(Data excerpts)
(* Every free pro-$p$ group is strongly commutator-resistant.
   Context: $p$ is a prime; subgroups are closed. $\Phi(H)$ is the Frattini subgroup and $[H,H]$ the closed commutator subgroup. A triple $(G,K,H)$ with $H\le K\le G$ is hierarchical if $x\in G$, $x^p\in H$ imply $x\in K$. A pro-$p$ group $G$ is strongly commutator-resistant if $(H,\Phi(H),[H,H])$ is hierarchical for every subgroup $H$ of $G$. *)

theory Defs
  imports "HOL-Analysis.Analysis" "HOL-Algebra.Generated_Groups" "HOL-Algebra.Coset"
begin

definition topological_group :: "('a, 'b) monoid_scheme \<Rightarrow> 'a topology \<Rightarrow> bool" where
  "topological_group G T \<longleftrightarrow> group G \<and> topspace T = carrier G \<and>
     continuous_map (prod_topology T T) T (\<lambda>(x, y). x \<otimes>\<^bsub>G\<^esub> y) \<and>
     continuous_map T T (\<lambda>x. inv\<^bsub>G\<^esub> x)"

definition profinite_group :: "('a, 'b) monoid_scheme \<Rightarrow> 'a topology \<Rightarrow> bool" where
  "profinite_group G T \<longleftrightarrow> topological_group G T \<and> compact_space T \<and> Hausdorff_space T \<and>
     (\<forall>W. openin T W \<and> \<one>\<^bsub>G\<^esub> \<in> W \<longrightarrow> (\<exists>N. N \<lhd> G \<and> openin T N \<and> N \<subseteq> W))"

definition pro_p_group :: "nat \<Rightarrow> ('a, 'b) monoid_scheme \<Rightarrow> 'a topology \<Rightarrow> bool" where
  "pro_p_group p G T \<longleftrightarrow> profinite_group G T \<and>
     (\<forall>N. N \<lhd> G \<and> openin T N \<longrightarrow> (\<exists>k. card (rcosets\<^bsub>G\<^esub> N) = p ^ k))"

text \<open>Finite p-groups (as targets of the universal property; every finite group is
  isomorphic to one with carrier in nat).\<close>
definition finite_p_group :: "nat \<Rightarrow> nat monoid \<Rightarrow> bool" where
  "finite_p_group p K \<longleftrightarrow> group K \<and> finite (carrier K) \<and> (\<exists>k. card (carrier K) = p ^ k)"

text \<open>G is a free pro-p group on the set S with basis map \<iota> (converging to 1),
  in the sense of Ribes--Zalesskii: \<iota> converges to 1, \<iota>(S) topologically generates G,
  and every map from S to a finite p-group converging to 1 (i.e. almost everywhere 1)
  extends to a continuous homomorphism.\<close>
definition free_pro_p_on :: "nat \<Rightarrow> ('a, 'b) monoid_scheme \<Rightarrow> 'a topology \<Rightarrow> 'x set \<Rightarrow> ('x \<Rightarrow> 'a) \<Rightarrow> bool" where
  "free_pro_p_on p G T S \<iota> \<longleftrightarrow> pro_p_group p G T \<and> \<iota> ` S \<subseteq> carrier G \<and>
     (\<forall>W. openin T W \<and> \<one>\<^bsub>G\<^esub> \<in> W \<longrightarrow> finite {x \<in> S. \<iota> x \<notin> W}) \<and>
     T closure_of (generate G (\<iota> ` S)) = carrier G \<and>
     (\<forall>(K :: nat monoid) f. finite_p_group p K \<and> f ` S \<subseteq> carrier K \<and>
        finite {x \<in> S. f x \<noteq> \<one>\<^bsub>K\<^esub>} \<longrightarrow>
        (\<exists>\<phi> \<in> hom G K. (\<forall>y. openin T {g \<in> carrier G. \<phi> g = y}) \<and> (\<forall>x \<in> S. \<phi> (\<iota> x) = f x)))"

definition free_pro_p_group :: "nat \<Rightarrow> ('a, 'b) monoid_scheme \<Rightarrow> 'a topology \<Rightarrow> bool" where
  "free_pro_p_group p G T \<longleftrightarrow> (\<exists>(S :: 'a set) \<iota>. free_pro_p_on p G T S \<iota>)"

definition closed_subgroup :: "('a, 'b) monoid_scheme \<Rightarrow> 'a topology \<Rightarrow> 'a set \<Rightarrow> bool" where
  "closed_subgroup G T H \<longleftrightarrow> subgroup H G \<and> closedin T H"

▶ [EXERCISE INSTRUCTIONS] Show all lines in the entries above where the word "bsub" appears.

▶ [SOLUTION BELOW]
     continuous_map (prod_topology T T) T (\<lambda>(x, y). x \<otimes>\<^bsub>G\<^esub> y) \<and>
     continuous_map T T (\<lambda>x. inv\<^bsub>G\<^esub> x)"
     (\<forall>W. openin T W \<and> \<one>\<^bsub>G\<^esub> \<in> W \<longrightarrow> (\<exists>N. N \<lhd> G \<and> openin T N \<and> N \<subseteq> W))"
     (\<forall>N. N \<lhd> G \<and> openin T N \<longrightarrow> (\<exists>k. card (rcosets\<^bsub>G\<^esub> N) = p ^ k))"
     (\<forall>W. openin T W \<and> \<one>\<^bsub>G\<^esub> \<in> W \<longrightarrow> finite {x \<in> S. \<iota> x \<notin> W}) \<and>
        finite {x \<in> S. f x \<noteq> \<one>\<^bsub>K\<^esub>} \<longrightarrow>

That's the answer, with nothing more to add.